SUPPLIED MATERIAL ->
..........

(* Let $F_\infty$ be the free group on countably many generators $a_1,a_2,\dots$, and let $T$ be its Cayley graph with respect to $\{a_i\}$ (vertices: reduced words; $t$ adjacent to $ta_i^{\pm1}$), a tree rooted at the empty word $\emptyset$. For $t\ne\emptyset$ let $\hat t$ be the word obtained by deleting the last letter of $t$. Let $G=\mathrm{Aut}(T)$ be the group of graph automorphisms of $T$, acting on $\mathbb C^T$ (and on $\ell_1(T),\ell_2(T)$) by $u(g)x=(x(g^{-1}t))_{t\in T}$. Define $R:\ell_2(T)\to\ell_\infty(T)$ by $(Rx)(s)=x(\hat s)$ for $s\neq\emptyset$, $(Rx)(\emptyset)=0$, and $L:\ell_1(T)\to\ell_1(T)$ by $Le_t=e_{\hat t}$ for $t\ne\emptyset$, $Le_\emptyset=0$. Then: (1) there is no linear map $\Lambda:\ell_2(T)\to\mathbb C^T$ with $u(g)\Lambda=\Lambda u(g)$ for all $g\in G$ such that $R-\Lambda$ maps $\ell_2(T)$ boundedly into $\ell_2(T)$; (2) there is no linear map $\Lambda:\ell_1(T)\to\mathbb C^T$ with $u(g)\Lambda=\Lambda u(g)$ for all $g\in G$ such that $(L-\Lambda)x\in\ell_2(T)$ and $\|(L-\Lambda)x\|_2\le C\|x\|_2$ for all $x\in\ell_1(T)$.
   Context: $e_t$ denotes the canonical basis vector at $t\in T$. (It is known that the commutators $u(g)R-Ru(g)$ and $u(g)L-Lu(g)$ extend to bounded operators on $\ell_2(T)$ of norm at most $2$, so $R$ and $L$ are linear $\mathrm{Aut}(T)$-centralizers $\ell_2(T)\curvearrowright\ell_2(T)$.) *)

theory Defs
  imports "HOL-Analysis.Analysis"
begin

text \<open>Letters: (i, True) = a_i, (i, False) = a_i^{-1}. Words are lists of letters.\<close>
type_synonym word = "(nat \<times> bool) list"

definition reduced :: "word \<Rightarrow> bool" where
  "reduced w \<longleftrightarrow> (\<forall>k. Suc k < length w \<longrightarrow>
      \<not> (fst (w ! k) = fst (w ! Suc k) \<and> snd (w ! k) \<noteq> snd (w ! Suc k)))"

definition TT :: "word set" where
  "TT = {w. reduced w}"

text \<open>Adjacency in the Cayley graph: t ~ t a_i^{+-1} (on reduced words this means one
  word is the other extended by one letter).\<close>
definition adj :: "word \<Rightarrow> word \<Rightarrow> bool" where
  "adj s t \<longleftrightarrow> (\<exists>l. t = s @ [l]) \<or> (\<exists>l. s = t @ [l])"

text \<open>Graph automorphisms of T (only the values on TT matter).\<close>
definition tree_aut :: "(word \<Rightarrow> word) \<Rightarrow> bool" where
  "tree_aut g \<longleftrightarrow> bij_betw g TT TT \<and> (\<forall>s\<in>TT. \<forall>t\<in>TT. adj s t \<longleftrightarrow> adj (g s) (g t))"

text \<open>Elements of C^T are represented by functions vanishing outside TT.\<close>
definition vecT :: "(word \<Rightarrow> complex) \<Rightarrow> bool" where
  "vecT x \<longleftrightarrow> (\<forall>t. t \<notin> TT \<longrightarrow> x t = 0)"

definition ell1 :: "(word \<Rightarrow> complex) set" where
  "ell1 = {x. vecT x \<and> (\<lambda>t. norm (x t)) summable_on TT}"

definition ell2 :: "(word \<Rightarrow> complex) set" where
  "ell2 = {x. vecT x \<and> (\<lambda>t. (norm (x t))\<^sup>2) summable_on TT}"

definition norm2 :: "(word \<Rightarrow> complex) \<Rightarrow> real" where
  "norm2 x = sqrt (\<Sum>\<^sub>\<infinity>t\<in>TT. (norm (x t))\<^sup>2)"

definition uact :: "(word \<Rightarrow> word) \<Rightarrow> (word \<Rightarrow> complex) \<Rightarrow> (word \<Rightarrow> complex)" where
  "uact g x = (\<lambda>t. if t \<in> TT then x (inv_into TT g t) else 0)"

definition Rop :: "(word \<Rightarrow> complex) \<Rightarrow> (word \<Rightarrow> complex)" where
  "Rop x = (\<lambda>s. if s \<in> TT \<and> s \<noteq> [] then x (butlast s) else 0)"

text \<open>L e_t = e_{hat t}, extended to ell1: (Lx)(s) = sum of x(t) over t with hat t = s.\<close>
definition Lop :: "(word \<Rightarrow> complex) \<Rightarrow> (word \<Rightarrow> complex)" where
  "Lop x = (\<lambda>s. if s \<in> TT then (\<Sum>\<^sub>\<infinity>t\<in>{t\<in>TT. t \<noteq> [] \<and> butlast t = s}. x t) else 0)"

definition lin_on :: "(word \<Rightarrow> complex) set \<Rightarrow> ((word \<Rightarrow> complex) \<Rightarrow> (word \<Rightarrow> complex)) \<Rightarrow> bool" where
  "lin_on D \<Lambda> \<longleftrightarrow> (\<forall>x\<in>D. \<forall>y\<in>D. \<forall>c a::complex. \<forall>t\<in>TT.
      \<Lambda> (\<lambda>s. c * x s + a * y s) t = c * \<Lambda> x t + a * \<Lambda> y t)"

definition equivariant_on :: "(word \<Rightarrow> complex) set \<Rightarrow> ((word \<Rightarrow> complex) \<Rightarrow> (word \<Rightarrow> complex)) \<Rightarrow> bool" where
  "equivariant_on D \<Lambda> \<longleftrightarrow> (\<forall>g. tree_aut g \<longrightarrow> (\<forall>x\<in>D. \<forall>t\<in>TT.
      uact g (\<Lambda> x) t = \<Lambda> (uact g x) t))"

definition restrT :: "(word \<Rightarrow> complex) \<Rightarrow> (word \<Rightarrow> complex)" where
  "restrT y = (\<lambda>t. if t \<in> TT then y t else 0)"

end

theory Submission
  imports Defs
begin

text \<open>
  Let \<Lambda> be linear and Aut(T)-equivariant, and put \<kappa> = (\<Lambda> e_\<emptyset>)(a) for a letter a;
  by relabelling generators this does not depend on a, and by translating with left
  multiplications (\<Lambda> e_a)(\<emptyset>) = \<kappa> and (\<Lambda> e_a)(ab) = \<kappa> for all letters a, b with b \<noteq> a^-1.
  A square-summable difference cannot be constant on infinitely many vertices, so comparing
  with R e_a on the children of a forces \<kappa> = 1, and comparing with L e_\<emptyset> = 0 on the letters
  forces \<kappa> = 0. Then for x = e_a1 + \<dots> + e_an the difference has modulus n at the root,
  whereas \<parallel>x\<parallel>_2 = \<surd>n.
\<close>

definition letter_inv :: "nat \<times> bool \<Rightarrow> nat \<times> bool" where
  "letter_inv x = (fst x, \<not> snd x)"

lemma letter_inv_letter_inv [simp]: "letter_inv (letter_inv x) = x"
  by (simp add: letter_inv_def)

lemma reduced_iff_no_cancellation:
  "reduced w \<longleftrightarrow> (\<forall>k. Suc k < length w \<longrightarrow> w ! Suc k \<noteq> letter_inv (w ! k))"
proof -
  have "(fst a = fst b \<and> snd a \<noteq> snd b) \<longleftrightarrow> b = letter_inv a" for a b :: "nat \<times> bool"
    by (cases a; cases b) (auto simp: letter_inv_def)
  then show ?thesis unfolding reduced_def by simp
qed

lemma reduced_Cons_Cons: "reduced (x # y # w) \<longleftrightarrow> y \<noteq> letter_inv x \<and> reduced (y # w)"
  unfolding reduced_iff_no_cancellation
  by (auto simp: less_Suc_eq_0_disj All_less_Suc2 simp del: nth_Cons_Suc)

lemma reduced_Nil [simp]: "reduced []" and reduced_singleton [simp]: "reduced [x]"
  by (simp_all add: reduced_def)

lemma reduced_Cons_tail: "reduced (x # w) \<Longrightarrow> reduced w"
  by (cases w) (auto simp: reduced_Cons_Cons)

lemma Nil_in_TT [simp]: "[] \<in> TT" and letter_in_TT [simp]: "[x] \<in> TT"
  by (simp_all add: TT_def)

lemma tree_aut_byWitness:
  assumes "g ` TT \<subseteq> TT" "h ` TT \<subseteq> TT"
    and "\<And>t. t \<in> TT \<Longrightarrow> h (g t) = t" "\<And>t. t \<in> TT \<Longrightarrow> g (h t) = t"
    and "\<And>s t. adj s t \<Longrightarrow> adj (g s) (g t)" "\<And>s t. adj s t \<Longrightarrow> adj (h s) (h t)"
  shows "tree_aut g" and "t \<in> TT \<Longrightarrow> inv_into TT g t = h t"
proof -
  have bij: "bij_betw g TT TT"
    by (rule bij_betw_byWitness[of _ h]) (use assms in auto)
  then show "tree_aut g"
    unfolding tree_aut_def using assms(3,5,6) bij_betwE by metis
  show "t \<in> TT \<Longrightarrow> inv_into TT g t = h t"
    using assms bij by (metis bij_betw_def image_subset_iff inv_into_f_f)
qed

fun lmul :: "nat \<times> bool \<Rightarrow> word \<Rightarrow> word" where
  "lmul x [] = [x]"
| "lmul x (y # t) = (if y = letter_inv x then t else x # y # t)"

lemma lmul_in_TT: "t \<in> TT \<Longrightarrow> lmul x t \<in> TT"
  unfolding TT_def by (cases t) (auto simp: reduced_Cons_Cons dest: reduced_Cons_tail)

lemma lmul_letter_inv_lmul: "t \<in> TT \<Longrightarrow> lmul (letter_inv x) (lmul x t) = t"
  unfolding TT_def
  by (cases t rule: remdups_adj.cases) (auto simp: reduced_Cons_Cons)

lemma adj_lmul: "adj s t \<Longrightarrow> adj (lmul x s) (lmul x t)"
proof -
  have "lmul x (s @ [z]) = lmul x s @ [z] \<or> lmul x s = lmul x (s @ [z]) @ [x]" for s z
    by (cases s) auto
  then show "adj s t \<Longrightarrow> adj (lmul x s) (lmul x t)" unfolding adj_def by metis
qed

lemma tree_aut_lmul: "tree_aut (lmul x)"
  and inv_into_lmul: "t \<in> TT \<Longrightarrow> inv_into TT (lmul x) t = lmul (letter_inv x) t"
  by (rule tree_aut_byWitness[of "lmul x" "lmul (letter_inv x)"],
      auto simp: lmul_in_TT lmul_letter_inv_lmul adj_lmul
        dest: lmul_letter_inv_lmul[of _ "letter_inv x"])+

text \<open>The relabelling of the generators that exchanges the letter a with b and a^-1 with b^-1.\<close>
definition swap_letters :: "nat \<times> bool \<Rightarrow> nat \<times> bool \<Rightarrow> nat \<times> bool \<Rightarrow> nat \<times> bool" where
  "swap_letters a b z =
     (if fst z = fst a then (fst b, (snd z = snd a) = snd b)
      else if fst z = fst b then (fst a, (snd z = snd b) = snd a) else z)"

lemma swap_letters_swap_letters [simp]: "swap_letters a b (swap_letters a b z) = z"
  unfolding swap_letters_def by (cases z; cases a; cases b) auto

lemma swap_letters_letter_inv: "swap_letters a b (letter_inv z) = letter_inv (swap_letters a b z)"
  unfolding swap_letters_def letter_inv_def by (cases z; cases a; cases b) auto

lemma swap_letters_right: "swap_letters a b b = a"
  unfolding swap_letters_def by (cases a; cases b) auto

lemma map_swap_letters_in_TT: "t \<in> TT \<Longrightarrow> map (swap_letters a b) t \<in> TT"
  unfolding TT_def reduced_iff_no_cancellation
  by (auto simp: swap_letters_letter_inv[symmetric] dest: arg_cong[where f = "swap_letters a b"])

lemma tree_aut_swap_letters: "tree_aut (map (swap_letters a b))"
  and inv_into_swap_letters: "t \<in> TT \<Longrightarrow> inv_into TT (map (swap_letters a b)) t = map (swap_letters a b) t"
  by (rule tree_aut_byWitness[of "map (swap_letters a b)" "map (swap_letters a b)"],
      auto simp: map_swap_letters_in_TT adj_def comp_def)+

lemma uact_lmul_indicator_Nil: "uact (lmul l) (indicator {[]}) = indicator {[l]}"
proof
  fix s
  have "lmul (letter_inv l) s = [] \<longleftrightarrow> s = [l]" if "s \<in> TT"
    using lmul_letter_inv_lmul[OF that, of "letter_inv l"] by auto
  then show "uact (lmul l) (indicator {[]}) s = indicator {[l]} s"
    by (auto simp: uact_def inv_into_lmul indicator_def)
qed

lemma equivariant_indicator_letter:
  assumes "equivariant_on D \<Lambda>" "indicator {[]} \<in> D" "t \<in> TT"
  shows "\<Lambda> (indicator {[l]}) t = \<Lambda> (indicator {[]}) (lmul (letter_inv l) t)"
proof -
  have "uact (lmul l) (\<Lambda> (indicator {[]})) t = \<Lambda> (uact (lmul l) (indicator {[]})) t"
    using assms tree_aut_lmul unfolding equivariant_on_def by blast
  then show ?thesis
    using assms(3) unfolding uact_lmul_indicator_Nil by (simp add: uact_def inv_into_lmul)
qed

lemma equivariant_Nil_indicator_letters:
  assumes "equivariant_on D \<Lambda>" "indicator {[]} \<in> D"
  shows "\<Lambda> (indicator {[]}) [a] = \<Lambda> (indicator {[]}) [b]"
proof -
  let ?g = "map (swap_letters a b)"
  have fix_Nil: "uact ?g (indicator {[]}) = indicator {[]}"
    by (auto simp: uact_def inv_into_swap_letters indicator_def fun_eq_iff)
  have "uact ?g (\<Lambda> (indicator {[]})) [b] = \<Lambda> (uact ?g (indicator {[]})) [b]"
    using assms tree_aut_swap_letters unfolding equivariant_on_def by simp
  then show ?thesis
    unfolding fix_Nil by (simp add: uact_def inv_into_swap_letters swap_letters_right)
qed

lemma lin_on_indicator_sum:
  assumes lin: "lin_on D \<Lambda>" and indicator_in_D: "\<And>A. finite A \<Longrightarrow> A \<subseteq> TT \<Longrightarrow> indicator A \<in> D"
    and "finite A" "A \<subseteq> TT" "t \<in> TT"
  shows "\<Lambda> (indicator A) t = (\<Sum>a\<in>A. \<Lambda> (indicator {a}) t)"
  using \<open>finite A\<close> \<open>A \<subseteq> TT\<close>
proof (induction A rule: finite_subset_induct')
  case empty
  have "\<Lambda> (\<lambda>s. 0 * indicator {} s + 0 * indicator {} s) t = 0 * \<Lambda> (indicator {}) t + 0 * \<Lambda> (indicator {}) t"
    using lin indicator_in_D[of "{}"] \<open>t \<in> TT\<close> unfolding lin_on_def by blast
  then show ?case by simp
next
  case (insert a F)
  have split: "(indicator (insert a F) :: word \<Rightarrow> complex) = (\<lambda>s. 1 * indicator F s + 1 * indicator {a} s)"
    using insert.hyps by (auto simp: indicator_def fun_eq_iff)
  have "\<Lambda> (\<lambda>s. 1 * indicator F s + 1 * indicator {a} s) t
      = 1 * \<Lambda> (indicator F) t + 1 * \<Lambda> (indicator {a}) t"
    using lin indicator_in_D[of F] indicator_in_D[of "{a}"] insert.hyps \<open>t \<in> TT\<close>
    unfolding lin_on_def by blast
  then show ?case using insert by (simp add: split)
qed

..........

WHAT IS NEEDED -> Each line from the top of the records above through the line containing "word is the" needs to be transcribed exactly, and no line after it.

SOLUTION TO THE PROBLEM ->
(* Let $F_\infty$ be the free group on countably many generators $a_1,a_2,\dots$, and let $T$ be its Cayley graph with respect to $\{a_i\}$ (vertices: reduced words; $t$ adjacent to $ta_i^{\pm1}$), a tree rooted at the empty word $\emptyset$. For $t\ne\emptyset$ let $\hat t$ be the word obtained by deleting the last letter of $t$. Let $G=\mathrm{Aut}(T)$ be the group of graph automorphisms of $T$, acting on $\mathbb C^T$ (and on $\ell_1(T),\ell_2(T)$) by $u(g)x=(x(g^{-1}t))_{t\in T}$. Define $R:\ell_2(T)\to\ell_\infty(T)$ by $(Rx)(s)=x(\hat s)$ for $s\neq\emptyset$, $(Rx)(\emptyset)=0$, and $L:\ell_1(T)\to\ell_1(T)$ by $Le_t=e_{\hat t}$ for $t\ne\emptyset$, $Le_\emptyset=0$. Then: (1) there is no linear map $\Lambda:\ell_2(T)\to\mathbb C^T$ with $u(g)\Lambda=\Lambda u(g)$ for all $g\in G$ such that $R-\Lambda$ maps $\ell_2(T)$ boundedly into $\ell_2(T)$; (2) there is no linear map $\Lambda:\ell_1(T)\to\mathbb C^T$ with $u(g)\Lambda=\Lambda u(g)$ for all $g\in G$ such that $(L-\Lambda)x\in\ell_2(T)$ and $\|(L-\Lambda)x\|_2\le C\|x\|_2$ for all $x\in\ell_1(T)$.
   Context: $e_t$ denotes the canonical basis vector at $t\in T$. (It is known that the commutators $u(g)R-Ru(g)$ and $u(g)L-Lu(g)$ extend to bounded operators on $\ell_2(T)$ of norm at most $2$, so $R$ and $L$ are linear $\mathrm{Aut}(T)$-centralizers $\ell_2(T)\curvearrowright\ell_2(T)$.) *)

theory Defs
  imports "HOL-Analysis.Analysis"
begin

text \<open>Letters: (i, True) = a_i, (i, False) = a_i^{-1}. Words are lists of letters.\<close>
type_synonym word = "(nat \<times> bool) list"

definition reduced :: "word \<Rightarrow> bool" where
  "reduced w \<longleftrightarrow> (\<forall>k. Suc k < length w \<longrightarrow>
      \<not> (fst (w ! k) = fst (w ! Suc k) \<and> snd (w ! k) \<noteq> snd (w ! Suc k)))"

definition TT :: "word set" where
  "TT = {w. reduced w}"

text \<open>Adjacency in the Cayley graph: t ~ t a_i^{+-1} (on reduced words this means one
  word is the other extended by one letter).\<close>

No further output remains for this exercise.